Solved – does it make sense for non-negative data to subtract the mean and divide by the std dev

image processingmeannormalizationstandard deviation

It is a very usual procedure to subtract the mean and divide by the standard deviation in a set of data. If we deal with non-negative data, i.e. image, (in [0,1] or [0,255]), does this procedure make sense? Violating the non-negative constraint, what happens?

I add some further considerations.

Suppose you have an image and you decompose it in a set of overlapping patches. Why should you subtract the mean and divide by the std dev for each patch (violating the non-neg prior)?

This procedure is also used in dictionary learning and sparse coding. In dictionary learning, given an image ($y$), a standard approach is dividing it into a set of patches ($p$), then subtract the mean ($p_m$) and dividing by the std deviation ($p_s$).

Is it a crucial step if data are non-negative?

Best Answer

First of all, there have been several questions on standardization already, e.g.

Subtracting the mean is one way of centering your data: The average becomes the new origin in the "point cloud description" of the data (each case is a point in $p$ dimensions, for RGB images, $p = 3$). Properly centered data can lead to numerically more stable models, and centering may also help in the interpretation of data and models: it sets a "baseline", and the centered data records deviations from this.
Whether this is a sensible idea depends on your data: for some data it does make sense, for other data another center may be more appropriate, yet other data sets do already have a useful center. E.g. in the example of star photographs, you may want to find out the average background color and subtract that.

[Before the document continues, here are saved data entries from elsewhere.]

(* Let $N\ge 3$, let $k$ be a positive odd integer, $l=k2^N$, let $m$ be a positive integer and $n=l+m$. For a positive integer $a$ let $g(a)=(-1)^{a-1}\frac{(2a-3)!!}{2a}$. Then $$g(n)\equiv g(m)+\begin{cases}(-1)^{\frac{m-1}{2}}\frac{l}{2}\pmod{2^{N+1}}, & \text{if } 2\nmid m,\\ l+\frac{l}{2mn}\pmod{2^{N+1}}, & \text{if } 2\mid m,\ 4\nmid m,\\ l-\frac{l}{2mn}\pmod{2^{N+1}}, & \text{if } 4\mid m,\ 8\nmid m.\end{cases}$$
   Context: For a positive odd integer $b$, $b!!=b(b-2)\cdots3\cdot1$, and $(-1)!!=1$. Congruences between rational numbers modulo $2^{N+1}$ mean the difference has $2$-adic valuation $\ge N+1$. *)

theory Defs
  imports Complex_Main
begin

definition dfact :: "int \<Rightarrow> int" where
  "dfact b = (\<Prod>i\<in>{i\<in>{1..b}. odd i}. i)"

definition g :: "nat \<Rightarrow> rat" where
  "g a = (-1) ^ (a - 1) * of_int (dfact (2 * int a - 3)) / (2 * of_nat a)"

text \<open>Congruence of rationals modulo 2^e: the difference has 2-adic valuation >= e.\<close>
definition cong2 :: "nat \<Rightarrow> rat \<Rightarrow> rat \<Rightarrow> bool" where
  "cong2 e x y = (case quotient_of (x - y) of (p, q) \<Rightarrow> (2::int) ^ e dvd p \<and> odd q)"

end

theory Submission
  imports Defs "HOL-Number_Theory.Cong"
begin

text \<open>
  Write m = j + 1 and n = l + m. Since (2n - 3)!! = (2l - 1)!! \<cdot> \<Prod>i<j. (2l + 2i + 1), expanding
  the product to first order in 2l and using (2l - 1)!! \<equiv> 1 + 2l (mod 2^(N+4)) gives
  (2n - 3)!! \<equiv> (2m - 3)!! + 2l ((2m - 3)!! + e) (mod 2^(N+4)), where e is the derivative at 0 of
  \<Prod>i<j. (x + 2i + 1). Consequently 2mn (g n - g m) = \<plusminus>(l c + 2^(N+4) m W) for an integer W,
  where c = 2m ((2m - 3)!! + e) - (2m - 3)!!, and the three cases come down to congruences for c
  modulo 4, 16 and 64. These depend only on j mod 32 and are checked on one period.
\<close>

section \<open>Odd double factorials modulo powers of two\<close>

text \<open>odd_fact j = (2j - 1)!!, and odd_fact_deriv j is the derivative at x = 0
  of \<Prod>i<j. (x + 2i + 1).\<close>

fun odd_fact :: "nat \<Rightarrow> int" where
  "odd_fact 0 = 1"
| "odd_fact (Suc j) = odd_fact j * (2 * int j + 1)"

fun odd_fact_deriv :: "nat \<Rightarrow> int" where
  "odd_fact_deriv 0 = 0"
| "odd_fact_deriv (Suc j) = odd_fact_deriv j * (2 * int j + 1) + odd_fact j"

lemma dfact_eq_odd_fact: "dfact (2 * int j - 1) = odd_fact j"
proof (induction j)
  case 0
  have "{i \<in> {1..-1::int}. odd i} = {}" by auto
  then show ?case by (simp add: dfact_def)
next
  case (Suc j)
  have "{i \<in> {1..2 * int (Suc j) - 1}. odd i} = insert (2 * int j + 1) {i \<in> {1..2 * int j - 1}. odd i}"
    by auto presburger+
  moreover have "finite {i \<in> {1..2 * int j - 1}. odd i}"
    by (rule finite_subset[of _ "{1..2 * int j - 1}"]) auto
  ultimately show ?case using Suc by (simp add: dfact_def mult.commute)
qed

text \<open>(2(L + j) - 1)!! = (2L - 1)!! \<cdot> \<Prod>i<j. (2L + 2i + 1), expanded to first order in 2L.\<close>

lemma odd_fact_add_cong:
  "[odd_fact (L + j) = odd_fact L * (odd_fact j + 2 * int L * odd_fact_deriv j)] (mod (2 * int L)^2)"
proof (induction j)
  case 0
  then show ?case by simp
next
  case (Suc j)
  have "[odd_fact (L + Suc j)
      = odd_fact L * (odd_fact j + 2 * int L * odd_fact_deriv j) * (2 * int L + 2 * int j + 1)]
      (mod (2 * int L)^2)"
    using cong_mult[OF Suc cong_refl, of "2 * int L + 2 * int j + 1"] by (simp add: algebra_simps)
  also have "odd_fact L * (odd_fact j + 2 * int L * odd_fact_deriv j) * (2 * int L + 2 * int j + 1)
    = odd_fact L * (odd_fact (Suc j) + 2 * int L * odd_fact_deriv (Suc j))
      + (2 * int L)^2 * (odd_fact L * odd_fact_deriv j)"
    by (simp add: algebra_simps power2_eq_square)
  also have "[\<dots> = odd_fact L * (odd_fact (Suc j) + 2 * int L * odd_fact_deriv (Suc j))] (mod (2 * int L)^2)"
    by (simp add: cong_add_lcancel_0 cong_0_iff)
  finally show ?case .
qed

Dividing by the standard deviation (or the variance) standardizes the data. This can be useful to achieve equal weights for all input channels in the subsequent data analysis. In other cases, is is not sensible. The latter may very well be the case for your data: your variates already share their physical unit. However, you may want to calibrate them to correct the wavelength dependence of the camera's sensitivity (whitelight correction).

You may also want to adjust all channels together: that would be adjusting contrast and brightness, which are also a way to center and standardize.